«Onori agli Standschützen,  persone a torto dimenticate»

Nelle trincee del Nagià-Grom, domenica prossima verrà inaugurato Il primo monumento in regione per ricordare gli Standschützen che combatterono nei ranghi austriaci in Vallagarina sarà inaugurato domenica sul Nagià-Grom, alla presenza del Gruppo alpini «Remo Rizzardi» di Mori, che da più di un decennio lavora per ripulire le trincee del Biaena, e del Gruppo storico trentino

di Laura Galassi

 StandschützenMORI - Il primo monumento in regione per ricordare gli Standschützen che combatterono nei ranghi austriaci in Vallagarina sarà inaugurato domenica 26 maggio sul Nagià-Grom, alla presenza del Gruppo alpini «Remo Rizzardi» di Mori, che da più di un decennio lavora per ripulire le trincee del Biaena, e del Gruppo storico trentino.
La presenza dei bersaglieri accanto ai reparti regolari dell'esercito è un argomento poco indagato della storia del Primo conflitto mondiale, anche se il contributo degli Standschützen nella costruzione di strade, nei turni di guardia e nei servizi alle truppe fu molto prezioso.

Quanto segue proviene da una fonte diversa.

lemma harmonic_pencil_at_point_iff_on_conic:
  assumes two: "(2::'a) \<noteq> 0" and z3: "z3 \<noteq> 0"
    and not_C: "point (z1, z2, z3) \<noteq> point (0,0,1)" and not_D: "point (z1, z2, z3) \<noteq> point (1,1,1)"
  defines "z \<equiv> (z1, z2, z3)"
  shows "harmonic_pencil (line (vcross z (1,0,0))) (line (vcross z (0,0,1)))
      (line (vcross z (0,1,0))) (line (vcross z (1,1,1))) \<longleftrightarrow> on_conic z"
proof -
  define l where "l = vcross z (1,0,0)"
  define m where "m = vcross z (0,1,0)"
  have lm: "vcross l m \<noteq> vzero" using z3 by (simp add: l_def m_def z_def vec3_simps)
  have zC: "vcross z (0,0,1) \<noteq> vzero" and zD: "vcross z (1,1,1) \<noteq> vzero"
    using not_C not_D point_eq_iff[of z "(0,0,1)"] point_eq_iff[of z "(1,1,1)"] z3
    by (auto simp: z_def vec3_simps)
  have e3: "vcomb z1 l z2 m = vscale (- z3) (vcross z (0,0,1))"
    and e4: "vcomb (z3 - z1) l (z3 - z2) m = vscale z3 (vcross z (1,1,1))"
    by (simp_all add: l_def m_def z_def vec3_simps algebra_simps)
  have "vcomb z1 l z2 m \<noteq> vzero" "vcomb (z3 - z1) l (z3 - z2) m \<noteq> vzero"
    unfolding e3 e4 using zC zD z3 by (simp_all add: vscale_eq_vzero_iff)
  then have ab3: "z1 \<noteq> 0 \<or> z2 \<noteq> 0" and ab4: "z3 - z1 \<noteq> 0 \<or> z3 - z2 \<noteq> 0" by auto
  have "line (vcross z (0,0,1)) = line (vcomb z1 l z2 m)"
    and "line (vcross z (1,1,1)) = line (vcomb (z3 - z1) l (z3 - z2) m)"
    unfolding e3 e4 using zC zD z3 by (simp_all add: line_vscale)
  then have "harmonic_pencil (line l) (line (vcross z (0,0,1))) (line m) (line (vcross z (1,1,1)))
      \<longleftrightarrow> z1 \<noteq> 0 \<and> z2 \<noteq> 0 \<and> z1 * (z3 - z2) + z2 * (z3 - z1) = 0"
    using harmonic_pencil_line_vcomb_iff[OF two lm ab3 ab4] by simp
  also have "\<dots> \<longleftrightarrow> 2 * z1 * z2 = z3 * (z1 + z2)"
  proof
    assume "2 * z1 * z2 = z3 * (z1 + z2)"
    moreover from this have "z1 \<noteq> 0" "z2 \<noteq> 0" using ab3 z3 by auto
    ultimately show "z1 \<noteq> 0 \<and> z2 \<noteq> 0 \<and> z1 * (z3 - z2) + z2 * (z3 - z1) = 0" by algebra
  qed (auto simp: algebra_simps)
  finally show ?thesis by (simp add: l_def m_def z_def on_conic_def)
qed

lemma mem_harmonic_curve_iff_on_conic:
  assumes two: "(2::'a) \<noteq> 0" and z: "z \<noteq> vzero"
  shows "point z \<in> harmonic_curve (point (1,0,0)) (point (0,0,1)) (point (0,1,0)) (point (1,1,1))
    \<longleftrightarrow> on_conic z"
proof (cases "point z \<in> {point (1,0,0), point (0,0,1), point (0,1,0), point (1,1,1)}")
  case True
  moreover have "((1,0,0)::'a vec3) \<noteq> vzero" "((0,0,1)::'a vec3) \<noteq> vzero"
    "((0,1,0)::'a vec3) \<noteq> vzero" "((1,1,1)::'a vec3) \<noteq> vzero"
    by (simp_all add: vec3_simps)
  ultimately have "on_conic z"
    using on_conic_if_point_eq[OF z] on_conic_vertices by blast
  with True show ?thesis unfolding harmonic_curve_def by blast
next
  case not_vertex: False
  obtain z1 z2 z3 where zz: "z = (z1, z2, z3)" by (cases z)
  have cross: "vcross z (1,0,0) \<noteq> vzero" "vcross z (0,0,1) \<noteq> vzero"
    "vcross z (0,1,0) \<noteq> vzero" "vcross z (1,1,1) \<noteq> vzero"
    using not_vertex z point_eq_iff[of z] by (auto simp: vec3_simps)
  have curve: "point z \<in> harmonic_curve (point (1,0,0)) (point (0,0,1)) (point (0,1,0)) (point (1,1,1))
    \<longleftrightarrow> harmonic_pencil (line (vcross z (1,0,0))) (line (vcross z (0,0,1)))
          (line (vcross z (0,1,0))) (line (vcross z (1,1,1)))"
    using not_vertex by (auto simp: harmonic_curve_def harmonic_pencil_def join_point[OF cross(1)]
        join_point[OF cross(2)] join_point[OF cross(3)] join_point[OF cross(4)])
  show ?thesis
  proof (cases "z3 = 0")
    case True
    then have "line (vcross z (1,0,0)) = line (vcross z (0,1,0))"
      using line_eq_iff[OF cross(1) cross(3)] by (simp add: zz vec3_simps)
    then have "point z \<notin> harmonic_curve (point (1,0,0)) (point (0,0,1)) (point (0,1,0)) (point (1,1,1))"
      unfolding curve harmonic_pencil_def by simp
    moreover have "\<not> on_conic z"
    proof
      assume "on_conic z"
      then have "z1 = 0 \<or> z2 = 0" using True two by (simp add: zz on_conic_def)
      then show False using cross True by (auto simp: zz vec3_simps)
    qed
    ultimately show ?thesis by simp
  next
    case z3: False
    have "point z \<noteq> point (0,0,1)" "point z \<noteq> point (1,1,1)" using not_vertex by simp_all
    then show ?thesis
      unfolding curve using harmonic_pencil_at_point_iff_on_conic[OF two z3] by (simp add: zz)
  qed
qed

lemma on_conic_iff_mem_conic_points:
  assumes two: "(2::'a) \<noteq> 0" and z: "z \<noteq> vzero"
  shows "on_conic z \<longleftrightarrow>
    point z \<in> {point (conic_point x y) | x y. x \<noteq> 0 \<and> y \<noteq> 0} \<union> {point (1,0,0), point (0,1,0)}"
proof
  obtain z1 z2 z3 where zz: "z = (z1, z2, z3)" by (cases z)
  assume "on_conic z"
  then have conic: "2 * z1 * z2 = z3 * (z1 + z2)" by (simp add: zz on_conic_def)
  consider "z1 = 0" "z2 = 0" | "z1 = 0" "z2 \<noteq> 0" | "z1 \<noteq> 0" "z2 = 0" | "z1 \<noteq> 0" "z2 \<noteq> 0" by blast
  then show "point z \<in> {point (conic_point x y) | x y. x \<noteq> 0 \<and> y \<noteq> 0} \<union> {point (1,0,0), point (0,1,0)}"
  proof cases
    case 1
    then have "point z = point (conic_point 1 (-1))"
      using point_eq_iff[OF z, of "conic_point 1 (-1)"] two z by (simp add: zz conic_point_def vec3_simps)
    then show ?thesis by fastforce
  next
    case 2
    then have "point z = point (0,1,0)"
      using conic point_eq_iff[OF z, of "(0,1,0)"] by (simp add: zz vec3_simps)
    then show ?thesis by simp
  next
    case 3
    then have "point z = point (1,0,0)"
      using conic point_eq_iff[OF z, of "(1,0,0)"] by (simp add: zz vec3_simps)
    then show ?thesis by simp
  next
    case 4
    then have "conic_point z1 z2 \<noteq> vzero" using two by (simp add: conic_point_def vec3_simps)
    moreover have "vcross z (conic_point z1 z2) = vzero"
      using conic by (simp add: zz conic_point_def vec3_simps algebra_simps)
    ultimately have "point z = point (conic_point z1 z2)" using point_eq_iff[OF z] by simp
    then show ?thesis using 4 by blast
  qed
next
  assume "point z \<in> {point (conic_point x y) | x y. x \<noteq> 0 \<and> y \<noteq> 0} \<union> {point (1,0,0), point (0,1,0)}"
  then consider x y where "x \<noteq> 0" "y \<noteq> 0" "point z = point (conic_point x y)"
    | "point z = point (1,0,0)" | "point z = point (0,1,0)"
    by blast
  then show "on_conic z"
  proof cases
    case 1
    then have "conic_point x y \<noteq> vzero" using two by (simp add: conic_point_def vec3_simps)
    then show ?thesis using on_conic_if_point_eq[OF z _ 1(3) on_conic_conic_point] by simp
  next
    case 2
    then show ?thesis using on_conic_if_point_eq[OF z _ 2 on_conic_vertices(1)] by (simp add: vec3_simps)
  next
    case 3
    then show ?thesis using on_conic_if_point_eq[OF z _ 3 on_conic_vertices(2)] by (simp add: vec3_simps)
  qed
qed

lemma point_on_base_line_iff:
  "incid X (join (point (1,0,0)) (point (0,1,0))) \<and> X \<noteq> point (1,0,0) \<and> X \<noteq> point (0,1,0)
    \<longleftrightarrow> (\<exists>x y. x \<noteq> 0 \<and> y \<noteq> 0 \<and> X = point (x, y, 0))"
  (is "?on_base \<longleftrightarrow> _")
proof -
  have base: "join (point (1,0,0)) (point (0,1,0)) = line (0,0,1)"
    using join_point[of "(1,0,0)" "(0,1,0)"] by (simp add: vec3_simps)
  show ?thesis
  proof
    assume h: ?on_base
    obtain u where u: "u \<noteq> vzero" "X = point u" using ex_point by blast
    obtain x y z where uu: "u = (x, y, z)" by (cases u)
    have "z = 0" using h u incid_point_line[OF u(1), of "(0,0,1)"] by (simp add: base uu vec3_simps)
    moreover have "x \<noteq> 0" "y \<noteq> 0"
      using h u point_eq_iff[OF u(1), of "(1,0,0)"] point_eq_iff[OF u(1), of "(0,1,0)"] \<open>z = 0\<close>
      by (auto simp: uu vec3_simps)
    ultimately show "\<exists>x y. x \<noteq> 0 \<and> y \<noteq> 0 \<and> X = point (x, y, 0)" using u uu by blast
  next
    assume "\<exists>x y. x \<noteq> 0 \<and> y \<noteq> 0 \<and> X = point (x, y, 0)"
    then obtain x y where "x \<noteq> 0" "y \<noteq> 0" "X = point (x, y, 0)" by blast
    then show ?on_base
      using incid_point_line[of "(x,y,0)" "(0,0,1)"] point_eq_iff[of "(x,y,0)" "(1,0,0)"]
        point_eq_iff[of "(x,y,0)" "(0,1,0)"]
      by (simp add: base vec3_simps)
  qed
qed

Sabato alle 20.30 a teatro sarà inaugurata un'esposizione tematica su «Standschützen e Alpini tra Monte Nagià Grom e Fiume Adige», mentre domenica, nel reparto cucine delle trincee grestane, dalle 9.15 si svelerà il monumento ai caduti e la lapide a Franco Silli, l'alpino moriano che più di tutti ha voluto valorizzare i reperti storici.
L'area tra Manzano e Nomesino era dotata di caverne per il ricovero dei soldati, baracche, postazioni cannoniere, magazzini, una cisterna per l'acqua e una cucina da campo con numerosi fuochi. Le posizioni erano collegate da camminamenti che garantivano lo spostamento dei soldati al riparo dal tiro nemico. Qui non vi furono mai vere e proprie battaglie e per questo lo stato di conservazione è buono.
Ogni sasso faticosamente rimesso a posto dagli alpini, ogni postazione e ogni cunicolo ripuliti dalle erbacce sono opera anche degli Standschützen. Chi erano questi bersaglieri? «Erano un gruppo paramilitare, di madrelingua tedesca e italiana, formato al tiro a segno che, in caso di aggressione, era incaricato della difesa territoriale tirolese. I battaglioni erano formati da minorenni o da persone sopra i 50 anni, coloro che erano esclusi dalla chiamata alle armi», spiega Oswald Mederle, membro dell'associazione Un territorio due fronti e vicepresidente dell'Associazione storica tirolese di Bolzano. «Gli ufficiali li snobbavano, perché non sapevano marciare». Con l'esercito austriaco impegnato contro la Russia in Galizia, gli Standschützen in Trentino hanno sopperito alla carenza di truppe regolari. All'inizio della guerra il confine austriaco si trovava sulle pendici del Baldo, ma progressivamente la difesa si spostò in Val di Gresta, dove le posizioni erano più difendibili. «Dal 1914 i bersaglieri avevano cominciato a costruire fortificazioni sul Creino. Il Nagià-Grom dapprima era un piccolo avamposto, poi venne ampliato. Nella zona erano di stanza tre battaglioni: gli Standschützen Battailon Bressanone, quelli di Kitzbühel e il Reutte Uno», fa notare Mederle.
Le unità di madrelingua italiana all'inizio hanno servito con devozione l'Impero, ma poco alla volta le formazioni si sono dissolte e riunite con i tedescofoni. «È difficile trovare informazioni di unità trentine all'archivio di Innsbruck o Vienna. Come conseguenza del trattato di Saint-Germain, nell'autunno 1919 tutti gli atti riguardanti i Trentini tirolesi furono consegnati in più carrozze ferroviarie alle autorità italiane. Purtroppo nessuno sa dove siano andati a finire», constata con amarezza lo studioso.
L'associazione storica tirolese ha cominciato a indagare la presenza degli Standschützen dopo essere stata invitata dagli alpini moriani a lavorare spalla contro spalla nel ripristino delle trincee. Senza pensare troppo alle bandiere per le quali gli antenati avevano combattuto, le due associazioni hanno deciso di rendere memoria ad ambo le parti. «I bersaglieri sono un gruppo di persone dimenticate che meriterebbero gli onori degli altri combattenti», sottolinea lo studioso che collabora con il Museo della guerra.